Activation of innate immunity is governed by a distinct set of sensors called pattern recognition receptors (PRRs) designed to recognize viruses and other pathogens. Rapid, sensitive and specific recognition of a pathogenic threat is key to successful immune defenses. However, chronic activation of innate immunity by unspecific self-recognition or prolonged signaling has to be avoided to prevent detrimental inflammation. Thus, PRR signaling has to be tightly controlled. This is achieved by complex molecular mechanisms to avoid self-recognition, detect features unique to pathogens, and control proper termination of signaling.
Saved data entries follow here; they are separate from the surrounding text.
lemma int_ideal_lattice:
  assumes "int_ideal I"
  obtains n e1 e2 where "n > 0" "card (cosets (OK D) I) = nat n" "I = lattice e1 e2"
    "det2 e1 e2 \<noteq> 0" "\<forall>y\<in>I. \<forall>z\<in>I. kmul D y (kconj z) \<in> kscale (of_int n) ` OK D"
proof -
  obtain a c g a1 c1 e where hnf: "a > 0" "g > 0" "a = g * a1" "c = g * c1" "\<kappa> = c1 ^ 2 + c1 - a1 * e"
    and I_eq: "I = {lincomb (1, 0) \<omega> (r * a + q * c) (q * g) | r q. True}"
    by (rule int_ideal_hnf[OF assms])
  define e1 where "e1 = kscale (of_int a) (1, 0)"
  define e2 where "e2 = kscale (of_int c) (1, 0) + kscale (of_int g) \<omega>"
  have lat: "I = lattice e1 e2" unfolding I_eq e1_def e2_def by (rule lattice_triangular[symmetric])
  have det: "det2 e1 e2 \<noteq> 0" unfolding e1_def e2_def det2_def kscale_def using hnf(1,2) by simp
  have card: "card (cosets (OK D) I) = nat (a * g)"
    unfolding OK_eq_lattice I_eq lattice_triangular[symmetric]
    by (rule card_cosets_triangular[OF det2_basis hnf(1,2)])
  have conj: "\<forall>y\<in>I. \<forall>z\<in>I. kmul D y (kconj z) \<in> kscale (of_int (a * g)) ` OK D"
  proof (intro ballI)
    fix y z assume yz: "y \<in> I" "z \<in> I"
    obtain r1 q1 r2 q2 where y: "y = lincomb (1, 0) \<omega> (r1 * a + q1 * c) (q1 * g)"
      and z: "z = lincomb (1, 0) \<omega> (r2 * a + q2 * c) (q2 * g)" using yz I_eq by blast
    have "kmul D y (kconj z) = lincomb (1, 0) \<omega>
      (a * g * (r1 * r2 * a1 + r1 * q2 * c1 + q1 * r2 * c1 + r1 * q2 + q1 * q2 * e))
      (a * g * (q1 * r2 - r1 * q2))"
      unfolding y z kconj_lincomb_basis kmul_lincomb_basis
      using triangular_mult_conj_identity[OF hnf(3-5)] by simp
    thus "kmul D y (kconj z) \<in> kscale (of_int (a * g)) ` OK D"
      unfolding kscale_of_int_lincomb[symmetric] by (simp only: imageI lincomb_basis_in_OK)
  qed
  show thesis by (rule that[OF _ card lat det conj]) (use hnf(1,2) in simp)
qed

section \<open>Fractional ideals are lattices\<close>

definition ideal_denom :: "qelt set \<Rightarrow> nat" where
  "ideal_denom A = (LEAST d. d > 0 \<and> kscale (of_nat d) ` A \<subseteq> OK D)"

lemma ideal_norm_eq:
  "ideal_norm D A = of_nat (card (cosets (OK D) (kscale (of_nat (ideal_denom A)) ` A)))
                    / of_nat (ideal_denom A) ^ 2"
  by (simp only: ideal_norm_def ideal_denom_def Let_def)

lemma ideal_denom:
  assumes "frac_ideal D A"
  shows "ideal_denom A > 0" "kscale (of_nat (ideal_denom A)) ` A \<subseteq> OK D"
proof -
  have "\<exists>d. d > 0 \<and> kscale (of_nat d) ` A \<subseteq> OK D" using assms unfolding frac_ideal_def by blast
  from LeastI_ex[OF this] show "ideal_denom A > 0" "kscale (of_nat (ideal_denom A)) ` A \<subseteq> OK D"
    unfolding ideal_denom_def by blast+
qed

lemma frac_ideal_kmul: "frac_ideal D A \<Longrightarrow> r \<in> OK D \<Longrightarrow> u \<in> A \<Longrightarrow> kmul D r u \<in> A"
  unfolding frac_ideal_def by blast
Our recent data demonstrates that intracellular RNA sensors like RIG-I and MDA5 require priming by virus-induced cytoskeleton disturbance. This allows these PRRs to be activated by recognizing their respective ligands. Furthermore, we show that the small cellular GTPase ARF1 is central to preventing self-recognition of mitochondrial DNA by the PRR cGAS, as well as for termination of cGAS-STING dependent signaling. These novel mechanisms further highlight the astonishing complexity and control of PRR signaling that allows to discriminate between the host and pathogen – to distinguish between friend and foe.